(DATA EXTRACT begins)

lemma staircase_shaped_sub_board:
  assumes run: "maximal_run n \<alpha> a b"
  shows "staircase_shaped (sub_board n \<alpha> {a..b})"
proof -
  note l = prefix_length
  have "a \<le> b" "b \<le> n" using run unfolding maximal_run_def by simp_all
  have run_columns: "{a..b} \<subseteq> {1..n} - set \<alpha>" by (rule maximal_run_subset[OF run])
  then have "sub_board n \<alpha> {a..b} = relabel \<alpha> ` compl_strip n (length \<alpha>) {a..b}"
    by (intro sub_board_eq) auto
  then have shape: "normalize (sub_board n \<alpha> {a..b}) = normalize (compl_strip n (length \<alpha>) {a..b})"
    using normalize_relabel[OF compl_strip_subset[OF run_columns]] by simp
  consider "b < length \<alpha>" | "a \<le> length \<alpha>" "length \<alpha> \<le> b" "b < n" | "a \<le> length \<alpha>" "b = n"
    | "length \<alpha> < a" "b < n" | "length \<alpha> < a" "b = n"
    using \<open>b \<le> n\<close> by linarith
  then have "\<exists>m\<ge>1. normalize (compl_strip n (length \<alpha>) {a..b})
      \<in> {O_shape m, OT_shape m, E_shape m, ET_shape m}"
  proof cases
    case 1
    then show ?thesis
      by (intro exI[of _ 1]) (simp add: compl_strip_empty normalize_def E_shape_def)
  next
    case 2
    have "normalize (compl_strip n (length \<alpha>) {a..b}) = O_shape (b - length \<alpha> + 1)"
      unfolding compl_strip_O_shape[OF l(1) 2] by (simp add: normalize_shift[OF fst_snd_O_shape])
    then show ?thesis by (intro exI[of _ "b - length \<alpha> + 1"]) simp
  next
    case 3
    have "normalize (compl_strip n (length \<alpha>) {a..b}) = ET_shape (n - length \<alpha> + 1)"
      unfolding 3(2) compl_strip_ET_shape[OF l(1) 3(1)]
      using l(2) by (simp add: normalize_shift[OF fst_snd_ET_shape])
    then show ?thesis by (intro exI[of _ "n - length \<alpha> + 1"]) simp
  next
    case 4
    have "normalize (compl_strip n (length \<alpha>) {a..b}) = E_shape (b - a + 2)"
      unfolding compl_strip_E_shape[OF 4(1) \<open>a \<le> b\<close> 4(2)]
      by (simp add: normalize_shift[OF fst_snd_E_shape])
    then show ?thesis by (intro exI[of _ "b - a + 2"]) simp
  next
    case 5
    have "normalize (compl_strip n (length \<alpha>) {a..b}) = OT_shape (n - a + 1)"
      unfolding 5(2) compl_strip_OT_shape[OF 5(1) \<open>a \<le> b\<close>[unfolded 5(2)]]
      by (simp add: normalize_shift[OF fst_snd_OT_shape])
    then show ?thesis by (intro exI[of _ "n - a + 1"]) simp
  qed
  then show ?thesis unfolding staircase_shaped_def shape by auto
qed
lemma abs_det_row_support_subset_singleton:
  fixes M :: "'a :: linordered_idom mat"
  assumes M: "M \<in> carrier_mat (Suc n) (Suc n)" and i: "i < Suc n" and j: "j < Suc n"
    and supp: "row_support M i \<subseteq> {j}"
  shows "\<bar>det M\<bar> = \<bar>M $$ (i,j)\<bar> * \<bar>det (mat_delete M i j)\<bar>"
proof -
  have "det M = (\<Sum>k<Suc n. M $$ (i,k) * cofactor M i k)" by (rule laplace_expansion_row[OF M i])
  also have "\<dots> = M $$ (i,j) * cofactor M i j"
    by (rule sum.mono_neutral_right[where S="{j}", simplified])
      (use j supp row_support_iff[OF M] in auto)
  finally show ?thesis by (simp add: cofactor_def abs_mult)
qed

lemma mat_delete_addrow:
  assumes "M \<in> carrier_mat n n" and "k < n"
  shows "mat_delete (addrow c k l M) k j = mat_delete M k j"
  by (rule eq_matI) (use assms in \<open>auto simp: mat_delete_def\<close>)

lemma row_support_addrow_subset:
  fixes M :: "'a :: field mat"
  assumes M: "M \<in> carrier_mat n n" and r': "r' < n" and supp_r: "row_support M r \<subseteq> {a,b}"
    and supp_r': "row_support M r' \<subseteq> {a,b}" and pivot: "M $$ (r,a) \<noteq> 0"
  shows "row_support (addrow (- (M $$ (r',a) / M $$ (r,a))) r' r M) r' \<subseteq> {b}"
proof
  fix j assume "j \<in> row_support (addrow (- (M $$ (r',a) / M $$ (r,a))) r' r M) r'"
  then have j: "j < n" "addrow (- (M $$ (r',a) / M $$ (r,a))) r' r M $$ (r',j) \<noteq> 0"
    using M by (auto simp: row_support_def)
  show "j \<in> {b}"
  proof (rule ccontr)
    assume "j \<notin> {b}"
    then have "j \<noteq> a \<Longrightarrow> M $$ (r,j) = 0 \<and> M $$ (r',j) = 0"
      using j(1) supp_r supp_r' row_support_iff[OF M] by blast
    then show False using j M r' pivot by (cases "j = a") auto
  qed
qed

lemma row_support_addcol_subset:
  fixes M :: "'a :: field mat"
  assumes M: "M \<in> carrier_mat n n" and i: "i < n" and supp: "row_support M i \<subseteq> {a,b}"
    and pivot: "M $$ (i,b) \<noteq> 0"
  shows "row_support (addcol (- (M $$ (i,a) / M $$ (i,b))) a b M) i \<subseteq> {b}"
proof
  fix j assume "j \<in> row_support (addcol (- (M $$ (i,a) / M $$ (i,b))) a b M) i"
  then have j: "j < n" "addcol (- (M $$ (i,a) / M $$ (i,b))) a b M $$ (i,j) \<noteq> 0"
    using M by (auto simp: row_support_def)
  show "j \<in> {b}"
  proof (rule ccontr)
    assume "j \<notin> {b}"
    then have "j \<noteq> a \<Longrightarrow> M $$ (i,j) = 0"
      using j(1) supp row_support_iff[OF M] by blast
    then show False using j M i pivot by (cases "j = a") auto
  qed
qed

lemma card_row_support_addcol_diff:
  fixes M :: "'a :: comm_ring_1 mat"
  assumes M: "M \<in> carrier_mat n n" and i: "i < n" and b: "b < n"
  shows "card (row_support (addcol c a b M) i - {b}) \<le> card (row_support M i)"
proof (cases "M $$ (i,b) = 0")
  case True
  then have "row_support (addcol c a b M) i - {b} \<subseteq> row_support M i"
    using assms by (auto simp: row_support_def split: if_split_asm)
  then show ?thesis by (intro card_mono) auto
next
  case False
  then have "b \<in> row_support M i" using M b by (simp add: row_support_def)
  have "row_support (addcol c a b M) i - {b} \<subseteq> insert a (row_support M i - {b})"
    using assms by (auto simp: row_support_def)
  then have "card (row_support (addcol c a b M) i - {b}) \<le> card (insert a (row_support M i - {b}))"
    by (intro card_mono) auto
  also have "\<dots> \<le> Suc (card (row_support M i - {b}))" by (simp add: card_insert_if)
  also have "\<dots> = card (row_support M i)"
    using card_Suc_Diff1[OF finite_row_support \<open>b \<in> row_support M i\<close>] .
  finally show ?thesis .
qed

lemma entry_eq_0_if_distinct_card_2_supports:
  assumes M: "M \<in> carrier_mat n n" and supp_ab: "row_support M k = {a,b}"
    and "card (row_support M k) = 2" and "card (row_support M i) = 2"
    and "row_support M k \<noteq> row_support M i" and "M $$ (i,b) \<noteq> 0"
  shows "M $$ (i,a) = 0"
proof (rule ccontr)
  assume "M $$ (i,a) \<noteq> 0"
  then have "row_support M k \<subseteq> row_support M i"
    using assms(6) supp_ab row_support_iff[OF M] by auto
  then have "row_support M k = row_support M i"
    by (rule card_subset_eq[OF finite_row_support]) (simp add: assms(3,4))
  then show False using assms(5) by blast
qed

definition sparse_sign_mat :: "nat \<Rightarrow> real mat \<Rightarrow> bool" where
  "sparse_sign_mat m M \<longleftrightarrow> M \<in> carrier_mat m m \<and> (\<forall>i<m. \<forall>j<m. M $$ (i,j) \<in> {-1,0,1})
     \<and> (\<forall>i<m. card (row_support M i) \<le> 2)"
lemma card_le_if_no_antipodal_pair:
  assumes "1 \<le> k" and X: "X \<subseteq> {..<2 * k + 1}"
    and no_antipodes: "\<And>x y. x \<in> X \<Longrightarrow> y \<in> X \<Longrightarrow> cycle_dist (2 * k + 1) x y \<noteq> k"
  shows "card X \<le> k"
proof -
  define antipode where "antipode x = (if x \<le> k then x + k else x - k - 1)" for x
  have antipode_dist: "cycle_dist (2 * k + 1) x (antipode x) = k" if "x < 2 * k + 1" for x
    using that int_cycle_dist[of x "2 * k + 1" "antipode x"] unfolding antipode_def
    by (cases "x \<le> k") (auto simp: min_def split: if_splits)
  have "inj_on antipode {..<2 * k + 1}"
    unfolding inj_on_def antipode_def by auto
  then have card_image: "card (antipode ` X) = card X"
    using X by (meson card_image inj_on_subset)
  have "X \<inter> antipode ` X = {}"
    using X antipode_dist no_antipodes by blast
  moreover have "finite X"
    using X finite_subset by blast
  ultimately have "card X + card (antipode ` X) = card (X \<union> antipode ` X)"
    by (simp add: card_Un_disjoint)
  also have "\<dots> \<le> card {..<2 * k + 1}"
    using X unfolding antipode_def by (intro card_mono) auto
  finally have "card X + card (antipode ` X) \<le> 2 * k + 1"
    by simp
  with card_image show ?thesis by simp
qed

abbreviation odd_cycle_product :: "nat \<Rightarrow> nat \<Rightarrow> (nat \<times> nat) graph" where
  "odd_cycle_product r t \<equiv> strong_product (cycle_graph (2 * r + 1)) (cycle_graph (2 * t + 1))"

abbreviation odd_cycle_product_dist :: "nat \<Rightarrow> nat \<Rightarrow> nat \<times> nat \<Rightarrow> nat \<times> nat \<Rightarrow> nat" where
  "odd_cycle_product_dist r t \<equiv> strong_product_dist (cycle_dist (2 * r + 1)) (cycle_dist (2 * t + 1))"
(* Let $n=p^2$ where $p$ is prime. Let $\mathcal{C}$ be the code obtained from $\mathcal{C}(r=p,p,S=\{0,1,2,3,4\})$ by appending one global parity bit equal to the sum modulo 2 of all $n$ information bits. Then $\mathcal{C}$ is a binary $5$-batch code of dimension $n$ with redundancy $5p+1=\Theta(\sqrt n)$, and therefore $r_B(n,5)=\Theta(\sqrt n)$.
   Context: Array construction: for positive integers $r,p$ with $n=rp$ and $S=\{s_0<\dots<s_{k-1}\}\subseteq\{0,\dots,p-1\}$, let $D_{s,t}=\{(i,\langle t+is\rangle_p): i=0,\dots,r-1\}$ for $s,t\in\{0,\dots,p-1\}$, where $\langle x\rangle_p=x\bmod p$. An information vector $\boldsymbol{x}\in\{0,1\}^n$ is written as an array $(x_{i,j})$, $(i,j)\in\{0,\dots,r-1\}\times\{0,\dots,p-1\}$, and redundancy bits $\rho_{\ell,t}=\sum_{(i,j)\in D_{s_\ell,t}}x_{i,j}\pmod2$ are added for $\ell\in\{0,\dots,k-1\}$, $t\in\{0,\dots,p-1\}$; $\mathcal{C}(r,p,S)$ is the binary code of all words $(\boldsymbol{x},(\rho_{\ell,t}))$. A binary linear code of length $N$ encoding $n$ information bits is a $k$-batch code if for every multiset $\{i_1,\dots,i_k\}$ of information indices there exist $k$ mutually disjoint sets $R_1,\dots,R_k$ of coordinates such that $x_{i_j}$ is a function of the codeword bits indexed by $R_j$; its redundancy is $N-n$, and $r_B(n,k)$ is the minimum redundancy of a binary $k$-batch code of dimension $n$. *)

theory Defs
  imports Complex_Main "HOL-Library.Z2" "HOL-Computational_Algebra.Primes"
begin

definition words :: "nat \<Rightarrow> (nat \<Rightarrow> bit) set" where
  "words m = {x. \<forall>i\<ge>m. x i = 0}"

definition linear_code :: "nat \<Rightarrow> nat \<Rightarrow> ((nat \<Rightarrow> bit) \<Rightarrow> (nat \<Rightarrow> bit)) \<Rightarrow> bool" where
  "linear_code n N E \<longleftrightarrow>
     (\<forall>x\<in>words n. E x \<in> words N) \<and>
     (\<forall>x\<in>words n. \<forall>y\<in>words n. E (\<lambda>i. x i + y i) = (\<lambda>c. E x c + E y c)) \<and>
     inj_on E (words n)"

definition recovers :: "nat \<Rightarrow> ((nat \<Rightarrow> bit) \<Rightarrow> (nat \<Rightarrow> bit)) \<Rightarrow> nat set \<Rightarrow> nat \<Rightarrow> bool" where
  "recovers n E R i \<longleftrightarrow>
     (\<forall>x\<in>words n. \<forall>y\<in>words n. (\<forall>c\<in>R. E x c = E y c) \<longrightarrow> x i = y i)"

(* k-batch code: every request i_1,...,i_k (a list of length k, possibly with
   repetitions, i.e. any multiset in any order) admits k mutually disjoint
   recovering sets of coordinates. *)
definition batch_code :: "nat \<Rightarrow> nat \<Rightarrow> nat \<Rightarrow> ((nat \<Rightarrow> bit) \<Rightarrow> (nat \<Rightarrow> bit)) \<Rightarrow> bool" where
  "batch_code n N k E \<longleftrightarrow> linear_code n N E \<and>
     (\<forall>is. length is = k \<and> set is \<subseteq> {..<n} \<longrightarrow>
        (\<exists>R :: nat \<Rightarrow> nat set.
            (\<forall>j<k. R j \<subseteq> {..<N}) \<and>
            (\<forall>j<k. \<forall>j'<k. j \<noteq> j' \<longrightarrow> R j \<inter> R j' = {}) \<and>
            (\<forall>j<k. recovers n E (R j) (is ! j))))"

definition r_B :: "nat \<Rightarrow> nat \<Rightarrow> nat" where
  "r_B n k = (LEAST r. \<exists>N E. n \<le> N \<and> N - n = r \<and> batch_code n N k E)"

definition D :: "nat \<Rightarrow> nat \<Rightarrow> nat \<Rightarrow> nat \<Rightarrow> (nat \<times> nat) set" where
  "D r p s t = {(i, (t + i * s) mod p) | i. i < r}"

(DATA EXTRACT ends)

# YOUR ASSIGNMENT:
Transcribe the records above exactly, from the opening line down to and including the line with "(n - length".

# FINAL ANSWER:
lemma staircase_shaped_sub_board:
  assumes run: "maximal_run n \<alpha> a b"
  shows "staircase_shaped (sub_board n \<alpha> {a..b})"
proof -
  note l = prefix_length
  have "a \<le> b" "b \<le> n" using run unfolding maximal_run_def by simp_all
  have run_columns: "{a..b} \<subseteq> {1..n} - set \<alpha>" by (rule maximal_run_subset[OF run])
  then have "sub_board n \<alpha> {a..b} = relabel \<alpha> ` compl_strip n (length \<alpha>) {a..b}"
    by (intro sub_board_eq) auto
  then have shape: "normalize (sub_board n \<alpha> {a..b}) = normalize (compl_strip n (length \<alpha>) {a..b})"
    using normalize_relabel[OF compl_strip_subset[OF run_columns]] by simp
  consider "b < length \<alpha>" | "a \<le> length \<alpha>" "length \<alpha> \<le> b" "b < n" | "a \<le> length \<alpha>" "b = n"
    | "length \<alpha> < a" "b < n" | "length \<alpha> < a" "b = n"
    using \<open>b \<le> n\<close> by linarith
  then have "\<exists>m\<ge>1. normalize (compl_strip n (length \<alpha>) {a..b})
      \<in> {O_shape m, OT_shape m, E_shape m, ET_shape m}"
  proof cases
    case 1
    then show ?thesis
      by (intro exI[of _ 1]) (simp add: compl_strip_empty normalize_def E_shape_def)
  next
    case 2
    have "normalize (compl_strip n (length \<alpha>) {a..b}) = O_shape (b - length \<alpha> + 1)"
      unfolding compl_strip_O_shape[OF l(1) 2] by (simp add: normalize_shift[OF fst_snd_O_shape])
    then show ?thesis by (intro exI[of _ "b - length \<alpha> + 1"]) simp
  next
    case 3
    have "normalize (compl_strip n (length \<alpha>) {a..b}) = ET_shape (n - length \<alpha> + 1)"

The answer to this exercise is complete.